◆ Problem description: From the top of the entries below through the line containing "theory Defs", return every line exactly as written, please, and stop there.

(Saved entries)
(* Let $G$ be a connected graph on $n\ge2$ vertices, $\alpha\in\mathbb{R}$, with vertices labeled so that $({}^\alpha\mathbb{M})_1\ge\cdots\ge({}^\alpha\mathbb{M})_n$. Let $T=\min_{1\le i\ne j\le n}d_{ij}\mathbb{D}_j^\alpha/\mathbb{D}_i^\alpha$. Then \[\rho(\mathbb{D}(G))\ge \frac{({}^\alpha\mathbb{M})_n-T+\sqrt{(({}^\alpha\mathbb{M})_n+T)^2+4T\sum_{k=1}^{n-1}\big(({}^\alpha\mathbb{M})_k-({}^\alpha\mathbb{M})_n\big)}}{2}.\] Equality holds if and only if $({}^\alpha\mathbb{M})_1=\cdots=({}^\alpha\mathbb{M})_n$, or for some $2\le t\le n$: (i) $d_{kl}\mathbb{D}_l^\alpha/\mathbb{D}_k^\alpha=T$ for all $1\le k\le n$, $1\le l\le t-1$, $k\ne l$; (ii) $({}^\alpha\mathbb{M})_t=\cdots=({}^\alpha\mathbb{M})_n$.
   Context: $\mathbb{D}(G)=(d_{ij})$ is the distance matrix of $G$, $\mathbb{D}_i=\sum_j d_{ij}$ the transmission of $v_i$, and $({}^\alpha\mathbb{M})_i=\frac{\sum_{j=1}^n d_{ij}\mathbb{D}_j^\alpha}{\mathbb{D}_i^\alpha}$ the generalized average transmission. $\rho$ is the spectral radius. *)

theory Defs
  imports Complex_Main "Jordan_Normal_Form.Spectral_Radius"
begin

definition simple_graph :: "nat \<Rightarrow> (nat \<Rightarrow> nat \<Rightarrow> bool) \<Rightarrow> bool" where
  "simple_graph n E \<longleftrightarrow> (\<forall>i j. E i j \<longrightarrow> i < n \<and> j < n) \<and>
     (\<forall>i j. E i j \<longrightarrow> E j i) \<and> (\<forall>i. \<not> E i i)"

definition is_walk :: "nat \<Rightarrow> (nat \<Rightarrow> nat \<Rightarrow> bool) \<Rightarrow> nat list \<Rightarrow> bool" where
  "is_walk n E p \<longleftrightarrow> p \<noteq> [] \<and> (\<forall>v\<in>set p. v < n) \<and>
     (\<forall>k. Suc k < length p \<longrightarrow> E (p ! k) (p ! Suc k))"

definition connected_graph :: "nat \<Rightarrow> (nat \<Rightarrow> nat \<Rightarrow> bool) \<Rightarrow> bool" where
  "connected_graph n E \<longleftrightarrow> simple_graph n E \<and>
     (\<forall>i<n. \<forall>j<n. \<exists>p. is_walk n E p \<and> hd p = i \<and> last p = j)"

definition gdist :: "nat \<Rightarrow> (nat \<Rightarrow> nat \<Rightarrow> bool) \<Rightarrow> nat \<Rightarrow> nat \<Rightarrow> nat" where
  "gdist n E i j = (LEAST k. \<exists>p. is_walk n E p \<and> hd p = i \<and> last p = j \<and> length p = Suc k)"

definition dist_matrix :: "nat \<Rightarrow> (nat \<Rightarrow> nat \<Rightarrow> bool) \<Rightarrow> real mat" where
  "dist_matrix n E = mat n n (\<lambda>(i, j). real (gdist n E i j))"

definition transmission :: "nat \<Rightarrow> (nat \<Rightarrow> nat \<Rightarrow> bool) \<Rightarrow> nat \<Rightarrow> real" where
  "transmission n E i = (\<Sum>j<n. real (gdist n E i j))"

definition gen_avg_trans :: "nat \<Rightarrow> (nat \<Rightarrow> nat \<Rightarrow> bool) \<Rightarrow> real \<Rightarrow> nat \<Rightarrow> real" where
  "gen_avg_trans n E \<alpha> i =
     (\<Sum>j<n. real (gdist n E i j) * transmission n E j powr \<alpha>) / transmission n E i powr \<alpha>"

definition dist_spectral_radius :: "nat \<Rightarrow> (nat \<Rightarrow> nat \<Rightarrow> bool) \<Rightarrow> real" where
  "dist_spectral_radius n E = spectral_radius (map_mat complex_of_real (dist_matrix n E))"

end

theory Submission
  imports Defs
begin

(* Write w_i = D_i^alpha and r_ij = d_ij w_j / w_i, so that M_i = sum_j r_ij is the i-th row sum
   of the diagonally similar matrix W^-1 D W, and T is the least off-diagonal r_ij.  With
   m = M_(n-1) (vertices are numbered 0..n-1), v_k = M_k - m >= 0 and B the positive root of
   (m - x)(x + T) + T sum_k v_k = 0, the test vector z_k = 1 + v_k/(B + T) satisfies
   sum_j r_ij z_j = B z_i + e_i/(B + T), where the excess e_i = sum_(j<>i) (r_ij - T) v_j is
   nonnegative.  Hence y = w z > 0 satisfies D y = B y + (nonnegative), and a Collatz-Wielandt
   argument gives rho(D) >= B, with equality iff every excess vanishes; this last condition is
   finally rewritten into the form stated in the theorem. *)

lemma mult_mat_vec_index_sum:
  assumes "A \<in> carrier_mat n n" "v \<in> carrier_vec n" "i < n"
  shows "(A *\<^sub>v v) $ i = (\<Sum>j<n. A $$ (i, j) * v $ j)"
  using assms by (auto simp: scalar_prod_def atLeast0LessThan intro!: sum.cong)

text \<open>Collatz-Wielandt upper bound: a positive vector y with A y \<le> \<lambda> y forces \<rho>(A) \<le> \<lambda>.
  One compares any eigenvector v with y at the index maximizing |v_i|/y_i.\<close>
lemma spectral_radius_le_of_subinvariant:
  fixes A :: "real mat"
  assumes A: "A \<in> carrier_mat n n" and n: "n > 0" and nn: "\<forall>i<n. \<forall>j<n. A $$ (i, j) \<ge> 0"
    and y: "\<forall>i<n. y i > 0" and le: "\<forall>i<n. (\<Sum>j<n. A $$ (i, j) * y j) \<le> lam * y i"
  shows "spectral_radius (map_mat complex_of_real A) \<le> lam"
proof -
  let ?C = "map_mat complex_of_real A"
  have C: "?C \<in> carrier_mat n n" using A by auto
  from spectral_radius_mem_max(1)[OF C n] obtain e where e: "e \<in> spectrum ?C"
    and re: "spectral_radius ?C = norm e" by auto
  from e obtain v where "eigenvector ?C v e" unfolding spectrum_def eigenvalue_def by auto
  hence v: "v \<in> carrier_vec n" and v0: "v \<noteq> 0\<^sub>v n" and eq: "?C *\<^sub>v v = e \<cdot>\<^sub>v v"
    using C unfolding eigenvector_def by auto
  have comp: "e * v $ i = (\<Sum>j<n. complex_of_real (A $$ (i, j)) * v $ j)" if "i < n" for i
  proof -
    have "(?C *\<^sub>v v) $ i = (e \<cdot>\<^sub>v v) $ i" using eq by simp
    thus ?thesis using mult_mat_vec_index_sum[OF C v that] that v A by auto
  qed
  define f where "f j = norm (v $ j) / y j" for j
  have fin: "finite (f ` {..<n})" and ne: "f ` {..<n} \<noteq> {}" using n by auto
  obtain i where i: "i < n" "f i = Max (f ` {..<n})" using Max_in[OF fin ne] by auto
  have fle: "f j \<le> f i" if "j < n" for j using i Max_ge[OF fin] that by auto
  obtain j where j: "j < n" "v $ j \<noteq> 0" using v v0 by (metis eq_vecI carrier_vecD index_zero_vec)
  have fi: "f i > 0" using fle[OF j(1)] j y unfolding f_def by (smt (verit) divide_pos_pos zero_less_norm_iff)
  have nvi: "norm (v $ i) = f i * y i" using y i(1) unfolding f_def by auto
  have "norm e * norm (v $ i) = norm (\<Sum>j<n. complex_of_real (A $$ (i, j)) * v $ j)"
    using comp[OF i(1)] by (metis norm_mult)
  also have "\<dots> \<le> (\<Sum>j<n. norm (complex_of_real (A $$ (i, j)) * v $ j))" by (rule norm_sum)
  also have "\<dots> = (\<Sum>j<n. A $$ (i, j) * (f j * y j))"
    using nn i y by (intro sum.cong) (auto simp: norm_mult f_def)
  also have "\<dots> \<le> (\<Sum>j<n. A $$ (i, j) * (f i * y j))"
    using nn i y fle by (intro sum_mono mult_left_mono mult_right_mono) (auto simp: less_imp_le)
  also have "\<dots> = f i * (\<Sum>j<n. A $$ (i, j) * y j)" by (simp add: sum_distrib_left algebra_simps)
  also have "\<dots> \<le> f i * (lam * y i)" using le i fi by (intro mult_left_mono) auto
  also have "\<dots> = lam * norm (v $ i)" using nvi by simp
  finally have "norm e * norm (v $ i) \<le> lam * norm (v $ i)" .
  moreover have "norm (v $ i) > 0" using nvi fi y i by auto
  ultimately show ?thesis using re by simp
qed

lemma nonneg_mat_pow_nonneg:
  fixes A :: "real mat"
  assumes A: "A \<in> carrier_mat n n" and nn: "\<forall>i<n. \<forall>j<n. A $$ (i, j) \<ge> 0"
  shows "\<forall>i<n. \<forall>j<n. (A ^\<^sub>m k) $$ (i, j) \<ge> 0"
proof (induction k)
  case 0
  then show ?case using A by auto
next
  case (Suc k)
  have P: "A ^\<^sub>m k \<in> carrier_mat n n" using A by auto
  have "(A ^\<^sub>m Suc k) $$ (i, j) = (\<Sum>l<n. (A ^\<^sub>m k) $$ (i, l) * A $$ (l, j))"
    if "i < n" "j < n" for i j
    using P A that by (auto simp: scalar_prod_def atLeast0LessThan intro!: sum.cong)
  then show ?case using Suc nn by (auto intro!: sum_nonneg)
qed

lemma nonneg_mat_mult_vec_mono:
  fixes A :: "real mat"
  assumes A: "A \<in> carrier_mat n n" and nn: "\<forall>i<n. \<forall>j<n. A $$ (i, j) \<ge> 0"
    and u: "u \<in> carrier_vec n" and w: "w \<in> carrier_vec n" and le: "\<forall>i<n. u $ i \<le> w $ i"
    and i: "i < n"
  shows "(A *\<^sub>v u) $ i \<le> (A *\<^sub>v w) $ i"
  unfolding mult_mat_vec_index_sum[OF A u i] mult_mat_vec_index_sum[OF A w i]
  using i le nn by (intro sum_mono mult_left_mono) auto

lemma superinvariant_pow_growth:
  fixes A :: "real mat"
  assumes A: "A \<in> carrier_mat n n" and nn: "\<forall>i<n. \<forall>j<n. A $$ (i, j) \<ge> 0"
    and y: "y \<in> carrier_vec n" and c0: "c \<ge> 0"
    and ge: "\<forall>i<n. c * y $ i \<le> (A *\<^sub>v y) $ i"
  shows "\<forall>i<n. c ^ k * y $ i \<le> (A ^\<^sub>m k *\<^sub>v y) $ i"
proof (induction k)
  case 0
  then show ?case using A y by auto
next
  case (Suc k)
  have P: "A ^\<^sub>m k \<in> carrier_mat n n" using A by auto
  have Pn: "\<forall>i<n. \<forall>j<n. (A ^\<^sub>m k) $$ (i, j) \<ge> 0" by (rule nonneg_mat_pow_nonneg[OF A nn])
  show ?case
  proof (intro allI impI)
    fix i assume i: "i < n"
    have "c ^ Suc k * y $ i = c * (c ^ k * y $ i)" by simp
    also have "\<dots> \<le> c * (A ^\<^sub>m k *\<^sub>v y) $ i" using Suc i c0 by (intro mult_left_mono) auto
    also have "\<dots> = (A ^\<^sub>m k *\<^sub>v (c \<cdot>\<^sub>v y)) $ i" using P A y i by (simp add: mult_mat_vec[OF P y])
    also have "\<dots> \<le> (A ^\<^sub>m k *\<^sub>v (A *\<^sub>v y)) $ i"
      using ge y A i by (intro nonneg_mat_mult_vec_mono[OF P Pn]) auto
    also have "\<dots> = (A ^\<^sub>m Suc k *\<^sub>v y) $ i" using P A y by (simp add: assoc_mult_mat_vec[OF P A y])
    finally show "c ^ Suc k * y $ i \<le> (A ^\<^sub>m Suc k *\<^sub>v y) $ i" .
  qed
qed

◆ Solution to this problem:
(* Let $G$ be a connected graph on $n\ge2$ vertices, $\alpha\in\mathbb{R}$, with vertices labeled so that $({}^\alpha\mathbb{M})_1\ge\cdots\ge({}^\alpha\mathbb{M})_n$. Let $T=\min_{1\le i\ne j\le n}d_{ij}\mathbb{D}_j^\alpha/\mathbb{D}_i^\alpha$. Then \[\rho(\mathbb{D}(G))\ge \frac{({}^\alpha\mathbb{M})_n-T+\sqrt{(({}^\alpha\mathbb{M})_n+T)^2+4T\sum_{k=1}^{n-1}\big(({}^\alpha\mathbb{M})_k-({}^\alpha\mathbb{M})_n\big)}}{2}.\] Equality holds if and only if $({}^\alpha\mathbb{M})_1=\cdots=({}^\alpha\mathbb{M})_n$, or for some $2\le t\le n$: (i) $d_{kl}\mathbb{D}_l^\alpha/\mathbb{D}_k^\alpha=T$ for all $1\le k\le n$, $1\le l\le t-1$, $k\ne l$; (ii) $({}^\alpha\mathbb{M})_t=\cdots=({}^\alpha\mathbb{M})_n$.
   Context: $\mathbb{D}(G)=(d_{ij})$ is the distance matrix of $G$, $\mathbb{D}_i=\sum_j d_{ij}$ the transmission of $v_i$, and $({}^\alpha\mathbb{M})_i=\frac{\sum_{j=1}^n d_{ij}\mathbb{D}_j^\alpha}{\mathbb{D}_i^\alpha}$ the generalized average transmission. $\rho$ is the spectral radius. *)

theory Defs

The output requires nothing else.